Summary: In ninety-five days, Lena will undergo a procedure and be protected from amor deliria nervosa, the deadly disease of being in love. After witnessing this disease claim the life of her mother, Lena is eagerly looking forward to the day when she will be free from the fear of contracting it herself. Before the deadline arrives however, Lena finds herself accidentally infected by Alex, a guy she runs into in the oddest places. Now, instead of embracing the future planned for her by the powers that be, Lena begins to wonder if the disease is preferable to its cure.
Dystopian Issues: Totalitarian Government, Mind Control
Part of a Series: Yes, it is the first book in the Delirium trilogy
Next in Series: Pandemonium
Age of Main Character: 17
Number of Pages: 441
Year of Publication: 2011
Publisher: HarperCollins Children's Books
Review: At times, I thought this book was more of a romance novel in a dystopian novel's covering. I'm not a huge fan of romance novels, and Lauren Oliver's style of writing drives me up the wall. Her 441 pages contain so many descriptive paragraphs that I found myself zoning out and having to force myself to go back and re-read paragraphs and pages I had skimmed in boredom.
Oliver's idea is intriguing though. In this version of the United States, love is considered to be a disease that needs curing. When a person reaches the age of eighteen and it is safe, they undergo a procedure that ensures they will never have to feel the symptoms and consequences of love.
Lena is seventeen years old and ninety-five days away from undergoing the procedure. Ninety-five days proves to be too long away though when she contracts the disease and starts experiencing the symptoms of love for a guy named Alex. It's a twist on Romeo & Juliet, but Oliver makes it clear that she is trying to draw a parallel between the two stories. Both are about forbidden love.
I like what Oliver is trying to do: explore what society would look like without love. But instead of being profound it comes off like Scott Westerfeld's Uglies, where the totalitarian government is using and encouraging the fear of something to perpetrate brain damage and the creation of humans that act like sheep and do not cause trouble.
Where Oliver gets my respect is in the fact that she has mixed in literature and poetry from our world, while also inventing a vast amount of literature from the world she has created. I love when authors create supplementary works for their novels because it shows how invested they are in their work and makes their creation even more interesting and believable.

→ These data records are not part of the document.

lemma aff_dim_hyp_Int_hyp:
  assumes "\<beta> \<in> R" "\<delta> \<in> R" "\<delta> \<noteq> \<beta>" "\<delta> \<noteq> - \<beta>"
  shows "aff_dim (hyp \<beta> k \<inter> hyp \<delta> m) \<le> int DIM('a) - 2"
proof -
  have e: "hyp \<delta> m = {x. coroot \<delta> \<bullet> x = m}" by (auto simp: hyp_def pairing_def inner_commute)
  have af: "affine (hyp \<beta> k)" by (simp add: hyp_def pairing_def affine_hyperplane[of "coroot \<beta>" k, unfolded inner_commute[of "coroot \<beta>"]])
  have ns: "\<not> hyp \<beta> k \<subseteq> {v. coroot \<delta> \<bullet> v = m}" using hyp_not_subset_hyp[OF assms, of k m] unfolding e .
  have d: "DIM('a) \<ge> 1" using DIM_positive by (simp add: Suc_le_eq)
  show ?thesis
    using aff_dim_affine_Int_hyperplane[OF af, of "coroot \<delta>" m] ns aff_dim_hyp[OF assms(1), of k] d
    unfolding e by (auto split: if_splits)
qed

lemma aff_refl_walls:
  assumes g: "\<gamma> \<in> R" and x: "x \<in> walls R"
  shows "aff_refl \<gamma> (of_int c) x \<in> walls R"
proof -
  obtain \<delta> k where d: "\<delta> \<in> R" and k: "x \<in> hyp \<delta> (of_int k)" using x by (auto simp: walls_def)
  have o: "orthogonal_transformation (refl \<gamma>)" by (rule orthogonal_transformation_refl[OF root_nonzero[OF g]])
  have F: "\<And>y. aff_refl \<gamma> (of_int c) y = refl \<gamma> y + (of_int c *\<^sub>R \<gamma>)" by (simp add: aff_refl_conv_refl)
  have rd: "refl \<gamma> \<delta> \<in> R" by (rule refl_root[OF g d])
  obtain n where n: "pairing \<gamma> (refl \<gamma> \<delta>) = of_int n" using pairing_root_int[OF rd g] by (auto elim: Ints_cases)
  have "pairing (aff_refl \<gamma> (of_int c) x) (refl \<gamma> \<delta>) = pairing x \<delta> + pairing (of_int c *\<^sub>R \<gamma>) (refl \<gamma> \<delta>)"
    by (rule pairing_affine_isometry[OF o F])
  also have "\<dots> = of_int (k + c * n)" using k n by (simp add: hyp_def pairing_scaleR_left)
  finally have "aff_refl \<gamma> (of_int c) x \<in> hyp (refl \<gamma> \<delta>) (of_int (k + c * n))" by (simp add: hyp_def)
  then show ?thesis using rd unfolding walls_def by blast
qed

lemma is_alcove_aff_refl_image:
  assumes g: "\<gamma> \<in> R" and A: "is_alcove R A"
  shows "is_alcove R (aff_refl \<gamma> (of_int c) ` A)"
  unfolding is_alcove_def
proof (rule components_image_involution[OF continuous_on_aff_refl])
  show "\<And>x. aff_refl \<gamma> (of_int c) (aff_refl \<gamma> (of_int c) x) = x" by (rule aff_refl_aff_refl[OF root_nonzero[OF g]])
  show "\<And>x. x \<in> UNIV - walls R \<Longrightarrow> aff_refl \<gamma> (of_int c) x \<in> UNIV - walls R"
    using aff_refl_walls[OF g] aff_refl_aff_refl[OF root_nonzero[OF g]] by (metis Diff_iff UNIV_I)
  show "A \<in> components (UNIV - walls R)" using A by (simp add: is_alcove_def)
qed

lemma alcove_nonempty: "is_alcove R A \<Longrightarrow> A \<noteq> {}"
  by (simp add: is_alcove_def in_components_nonempty)

lemma alcove_not_on_wall: "is_alcove R A \<Longrightarrow> x \<in> A \<Longrightarrow> \<delta> \<in> R \<Longrightarrow> pairing x \<delta> \<noteq> of_int k"
  using in_components_subset unfolding is_alcove_def walls_def hyp_def by fastforce

lemma alcove_floor_eq_le:
  assumes A: "is_alcove R A" and x: "x \<in> A" and y: "y \<in> A" and d: "\<delta> \<in> R" and le: "pairing x \<delta> \<le> pairing y \<delta>"
  shows "floor (pairing x \<delta>) = floor (pairing y \<delta>)"
proof (rule ccontr)
  assume ne: "floor (pairing x \<delta>) \<noteq> floor (pairing y \<delta>)"
  define m where "m = floor (pairing y \<delta>)"
  have "floor (pairing x \<delta>) \<le> m" using le by (simp add: m_def floor_mono)
  then have lt: "floor (pairing x \<delta>) < m" using ne m_def by simp
  have "pairing x \<delta> < of_int m" using lt by linarith
  moreover have "of_int m \<le> pairing y \<delta>" by (simp add: m_def)
  moreover have "connected A" using A by (simp add: is_alcove_def in_components_connected)
  ultimately obtain z where "z \<in> A" "inner (coroot \<delta>) z = of_int m"
    using connected_ivt_hyperplane[of A x y "coroot \<delta>" "of_int m"] x y
    by (auto simp: pairing_def inner_commute)
  then show False using alcove_not_on_wall[OF A _ d, of z m] by (simp add: pairing_def inner_commute)
qed

lemma alcove_floor_eq:
  assumes A: "is_alcove R A" and x: "x \<in> A" and y: "y \<in> A" and d: "\<delta> \<in> R"
  shows "floor (pairing x \<delta>) = floor (pairing y \<delta>)"
  using alcove_floor_eq_le[OF A x y d] alcove_floor_eq_le[OF A y x d] by linarith

lemma alcove_level_floor:
  assumes A: "is_alcove R A" and x: "x \<in> A" and d: "\<delta> \<in> R"
  shows "alcove_level A \<delta> = floor (pairing x \<delta>)"
proof -
  have "(SOME x. x \<in> A) \<in> A" using x by (rule someI)
  then show ?thesis unfolding alcove_level_def using alcove_floor_eq[OF A _ x d] by blast
qed

lemma alcove_level_bounds:
  assumes A: "is_alcove R A" and x: "x \<in> A" and d: "\<delta> \<in> R"
  shows "of_int (alcove_level A \<delta>) < pairing x \<delta> \<and> pairing x \<delta> < of_int (alcove_level A \<delta>) + 1"
proof -
  have "pairing x \<delta> \<noteq> of_int (floor (pairing x \<delta>))" by (rule alcove_not_on_wall[OF A x d])
  then show ?thesis using alcove_level_floor[OF A x d] by linarith
qed

lemma alcove_level_unique:
  assumes A: "is_alcove R A" and x: "x \<in> A" and d: "\<delta> \<in> R"
    and "of_int j < pairing x \<delta>" "pairing x \<delta> < of_int j + 1"
  shows "alcove_level A \<delta> = j"
  using alcove_level_floor[OF A x d] assms(4,5) by linarith

lemma alcove_level_minus:
  assumes A: "is_alcove R A" and d: "\<delta> \<in> R"
  shows "alcove_level A (- \<delta>) = - alcove_level A \<delta> - 1"
proof -
  obtain x where x: "x \<in> A" using alcove_nonempty[OF A] by blast
  have "of_int (alcove_level A \<delta>) < pairing x \<delta> \<and> pairing x \<delta> < of_int (alcove_level A \<delta>) + 1" by (rule alcove_level_bounds[OF A x d])
  then show ?thesis by (intro alcove_level_unique[OF A x minus_root[OF d]]) auto
qed

lemma closure_alcove_strip:
  assumes A: "is_alcove R A" and d: "\<delta> \<in> R"
  shows "closure A \<subseteq> {x. of_int (alcove_level A \<delta>) \<le> pairing x \<delta> \<and> pairing x \<delta> \<le> of_int (alcove_level A \<delta>) + 1}"
proof (rule closure_minimal)
  show "A \<subseteq> {x. of_int (alcove_level A \<delta>) \<le> pairing x \<delta> \<and> pairing x \<delta> \<le> of_int (alcove_level A \<delta>) + 1}"
    using alcove_level_bounds[OF A _ d] by fastforce
  have "{x. of_int (alcove_level A \<delta>) \<le> pairing x \<delta> \<and> pairing x \<delta> \<le> of_int (alcove_level A \<delta>) + 1} =
        {x. of_int (alcove_level A \<delta>) \<le> inner x (coroot \<delta>)} \<inter> {x. inner x (coroot \<delta>) \<le> of_int (alcove_level A \<delta>) + 1}"
    by (auto simp: pairing_def)
  then show "closed {x. of_int (alcove_level A \<delta>) \<le> pairing x \<delta> \<and> pairing x \<delta> \<le> of_int (alcove_level A \<delta>) + 1}"
    by (simp add: closed_Int closed_halfspace_component_le closed_Collect_le continuous_on_inner continuous_on_const continuous_on_id)
qed

lemma closure_alcoves_Int_subset_hyp:
  assumes A: "is_alcove R A" and B: "is_alcove R B" and d: "\<delta> \<in> R"
    and ne: "alcove_level A \<delta> \<noteq> alcove_level B \<delta>"
  shows "closure A \<inter> closure B \<subseteq> hyp \<delta> (of_int (max (alcove_level A \<delta>) (alcove_level B \<delta>)))"
proof
  fix y assume y: "y \<in> closure A \<inter> closure B"
  have "of_int (alcove_level A \<delta>) \<le> pairing y \<delta>" "pairing y \<delta> \<le> of_int (alcove_level A \<delta>) + 1"
    "of_int (alcove_level B \<delta>) \<le> pairing y \<delta>" "pairing y \<delta> \<le> of_int (alcove_level B \<delta>) + 1"
    using closure_alcove_strip[OF A d] closure_alcove_strip[OF B d] y by auto
  moreover have "alcove_level A \<delta> + 1 \<le> alcove_level B \<delta> \<or> alcove_level B \<delta> + 1 \<le> alcove_level A \<delta>"
    using ne by linarith
  ultimately show "y \<in> hyp \<delta> (of_int (max (alcove_level A \<delta>) (alcove_level B \<delta>)))"
    by (auto simp: hyp_def max_def)
qed

lemma alcove_edge_levels:
  assumes E: "alcove_edge R A \<beta> B"
  shows "\<exists>k::int. B = aff_refl \<beta> (of_int k) ` A \<and> alcove_level A \<beta> = k - 1 \<and> alcove_level B \<beta> = k \<and>
           (\<forall>\<delta>\<in>R. \<delta> \<noteq> \<beta> \<and> \<delta> \<noteq> - \<beta> \<longrightarrow> alcove_level B \<delta> = alcove_level A \<delta>)"
proof -
  obtain k :: int where Bk: "B = aff_refl \<beta> (of_int k) ` A"
    and facet: "aff_dim (closure A \<inter> hyp \<beta> (of_int k)) = int DIM('a) - 1"
    and below: "\<forall>\<nu>\<in>A. pairing \<nu> \<beta> < of_int k"
    and A: "is_alcove R A" and B: "is_alcove R B" and b: "\<beta> \<in> R"
    using E unfolding alcove_edge_def by blast
  have bnz: "\<beta> \<noteq> 0" by (rule root_nonzero[OF b])
  let ?F = "closure A \<inter> hyp \<beta> (of_int k)"
  have "?F \<noteq> {}"
  proof
    assume "?F = {}"
    then show False using facet DIM_positive[where 'a='a] by simp
  qed
  then obtain z where z: "z \<in> closure A" "pairing z \<beta> = of_int k" by (auto simp: hyp_def)
  obtain x where x: "x \<in> A" using alcove_nonempty[OF A] by blast
  have "of_int (alcove_level A \<beta>) < (of_int k :: real)"
    using alcove_level_bounds[OF A x b] below x by fastforce
  moreover have "of_int k \<le> of_int (alcove_level A \<beta>) + (1::real)"
    using closure_alcove_strip[OF A b] z by force
  ultimately have level_A: "alcove_level A \<beta> = k - 1" by linarith
  have "pairing (aff_refl \<beta> (of_int k) x) \<beta> = 2 * of_int k - pairing x \<beta>"
    by (rule pairing_aff_refl_same[OF bnz])
  then have "alcove_level B \<beta> = k"
    using alcove_level_unique[OF B _ b] alcove_level_bounds[OF A x b] level_A below x Bk by force
  moreover have "alcove_level B \<delta> = alcove_level A \<delta>" if d: "\<delta> \<in> R" "\<delta> \<noteq> \<beta>" "\<delta> \<noteq> - \<beta>" for \<delta>
  proof (rule ccontr)
    assume ne: "alcove_level B \<delta> \<noteq> alcove_level A \<delta>"
    have closure_B: "closure B = aff_refl \<beta> (of_int k) ` closure A"
      using Bk closure_affine_isometry_image[OF orthogonal_transformation_refl[OF bnz] aff_refl_conv_refl] by simp
    have "?F \<subseteq> closure A \<inter> closure B"
    proof (intro subsetI IntI)
      fix y assume y: "y \<in> ?F"
      then show "y \<in> closure A" by simp
      have "aff_refl \<beta> (of_int k) y = y" using y by (intro aff_refl_fixed) (simp add: hyp_def)
      then show "y \<in> closure B" using y closure_B by (metis IntD1 image_eqI)
    qed
    also have "\<dots> \<subseteq> hyp \<delta> (of_int (max (alcove_level A \<delta>) (alcove_level B \<delta>)))"
      using closure_alcoves_Int_subset_hyp[OF A B d(1)] ne by auto
    finally have "aff_dim ?F \<le> aff_dim (hyp \<beta> (of_int k) \<inter> hyp \<delta> (of_int (max (alcove_level A \<delta>) (alcove_level B \<delta>))))"
      by (intro aff_dim_subset) auto
    also have "\<dots> \<le> int DIM('a) - 2" by (rule aff_dim_hyp_Int_hyp[OF b d])
    finally show False using facet by simp
  qed
  ultimately show ?thesis using Bk level_A by blast
qed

Real-Life Dystopia: In Delirium, the most important choices are made for a person. Things such as who they will marry, what job they will hold, if they will receive post-secondary education - even how many children they will have. This is mirrored in our world in the cultural practice of arranged marriages, and in China where a reproductive policy of one child per couple exists. Although according to The Guardian (http://www.guardian.co.uk/environment/2011/oct/25/china-one-child-policy-benefits-rules), China's policy is more nuanced than it appears to be.
Memorable Quotes: "One of the strangest things about life is that it will chug on, blind and oblivious, even as your private world - your little carved-out sphere - is twisting and morphing, even breaking apart...
And still the sun rises and clouds mass and drift and people shop for groceries and toilets flush and blinds go up and down. That's when you realise that most of it - life, the relentless mechanism of existing - isn't about you. It doesn't include you at all. It will thrust onward even after you've jumped the edge. Even after you're dead."
- Delirium by Lauren Oliver, pg 302-303
"For the first time in my life I actually feel sorry for Carol, I'm only seventeen years old, and I already know something she doesn't know: I know that life isn't life if you just float through it. I know that the whole point - the only point - is to find the things that matter, and hold on to them, and fight for them, and refuse to let them go."